Requirement. What the task needs is the data below, written out verbatim.

Data.
==============================

(* Let $d\ge 1$ and $2\le n_1\le n_2\le\cdots\le n_d$ be integers, and let $G=P_{n_1}\times P_{n_2}\times\cdots\times P_{n_d}$. Then $$\sigma_T(G)\le 2\left(\left\lfloor\tfrac{n_1}{2}\right\rfloor+\left\lfloor\tfrac{n_2}{2}\right\rfloor+\cdots+\left\lfloor\tfrac{n_{d-1}}{2}\right\rfloor\right)+1.$$
   Context: $P_n$ is the path on $n$ vertices and $\times$ is the Cartesian product, so $G$ is the $d$-dimensional grid with vertex set $\{(x_1,\dots,x_d): x_i\in\{1,\dots,n_i\}\}$, two vertices adjacent iff they differ by $1$ in exactly one coordinate and agree in all others. For a spanning tree $T$ of a connected graph $G$, $d_T(u,v)$ is the distance between $u$ and $v$ in $T$, $\sigma_T(G,T):=\max_{uv\in E(G)} d_T(u,v)$, and $\sigma_T(G):=\min\{\sigma_T(G,T): T \text{ a spanning tree of } G\}$. An empty sum is $0$. *)

theory Defs
  imports Main
begin

definition walk :: "'a set set \<Rightarrow> 'a list \<Rightarrow> bool" where
  "walk E xs \<longleftrightarrow> xs \<noteq> [] \<and> (\<forall>i. Suc i < length xs \<longrightarrow> {xs ! i, xs ! Suc i} \<in> E)"

definition walk_betw :: "'a set set \<Rightarrow> 'a \<Rightarrow> 'a list \<Rightarrow> 'a \<Rightarrow> bool" where
  "walk_betw E u xs v \<longleftrightarrow> walk E xs \<and> hd xs = u \<and> last xs = v"

definition connected_graph :: "'a set \<Rightarrow> 'a set set \<Rightarrow> bool" where
  "connected_graph V E \<longleftrightarrow> V \<noteq> {} \<and>
     (\<forall>u\<in>V. \<forall>v\<in>V. \<exists>xs. walk_betw E u xs v \<and> set xs \<subseteq> V)"

definition has_cycle :: "'a set set \<Rightarrow> bool" where
  "has_cycle E \<longleftrightarrow> (\<exists>xs. length xs \<ge> 3 \<and> distinct xs \<and> walk E (xs @ [hd xs]))"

==============================

Your response.
(* Let $d\ge 1$ and $2\le n_1\le n_2\le\cdots\le n_d$ be integers, and let $G=P_{n_1}\times P_{n_2}\times\cdots\times P_{n_d}$. Then $$\sigma_T(G)\le 2\left(\left\lfloor\tfrac{n_1}{2}\right\rfloor+\left\lfloor\tfrac{n_2}{2}\right\rfloor+\cdots+\left\lfloor\tfrac{n_{d-1}}{2}\right\rfloor\right)+1.$$
   Context: $P_n$ is the path on $n$ vertices and $\times$ is the Cartesian product, so $G$ is the $d$-dimensional grid with vertex set $\{(x_1,\dots,x_d): x_i\in\{1,\dots,n_i\}\}$, two vertices adjacent iff they differ by $1$ in exactly one coordinate and agree in all others. For a spanning tree $T$ of a connected graph $G$, $d_T(u,v)$ is the distance between $u$ and $v$ in $T$, $\sigma_T(G,T):=\max_{uv\in E(G)} d_T(u,v)$, and $\sigma_T(G):=\min\{\sigma_T(G,T): T \text{ a spanning tree of } G\}$. An empty sum is $0$. *)

theory Defs
  imports Main
begin

definition walk :: "'a set set \<Rightarrow> 'a list \<Rightarrow> bool" where
  "walk E xs \<longleftrightarrow> xs \<noteq> [] \<and> (\<forall>i. Suc i < length xs \<longrightarrow> {xs ! i, xs ! Suc i} \<in> E)"

definition walk_betw :: "'a set set \<Rightarrow> 'a \<Rightarrow> 'a list \<Rightarrow> 'a \<Rightarrow> bool" where
  "walk_betw E u xs v \<longleftrightarrow> walk E xs \<and> hd xs = u \<and> last xs = v"

definition connected_graph :: "'a set \<Rightarrow> 'a set set \<Rightarrow> bool" where
  "connected_graph V E \<longleftrightarrow> V \<noteq> {} \<and>
     (\<forall>u\<in>V. \<forall>v\<in>V. \<exists>xs. walk_betw E u xs v \<and> set xs \<subseteq> V)"

definition has_cycle :: "'a set set \<Rightarrow> bool" where
  "has_cycle E \<longleftrightarrow> (\<exists>xs. length xs \<ge> 3 \<and> distinct xs \<and> walk E (xs @ [hd xs]))"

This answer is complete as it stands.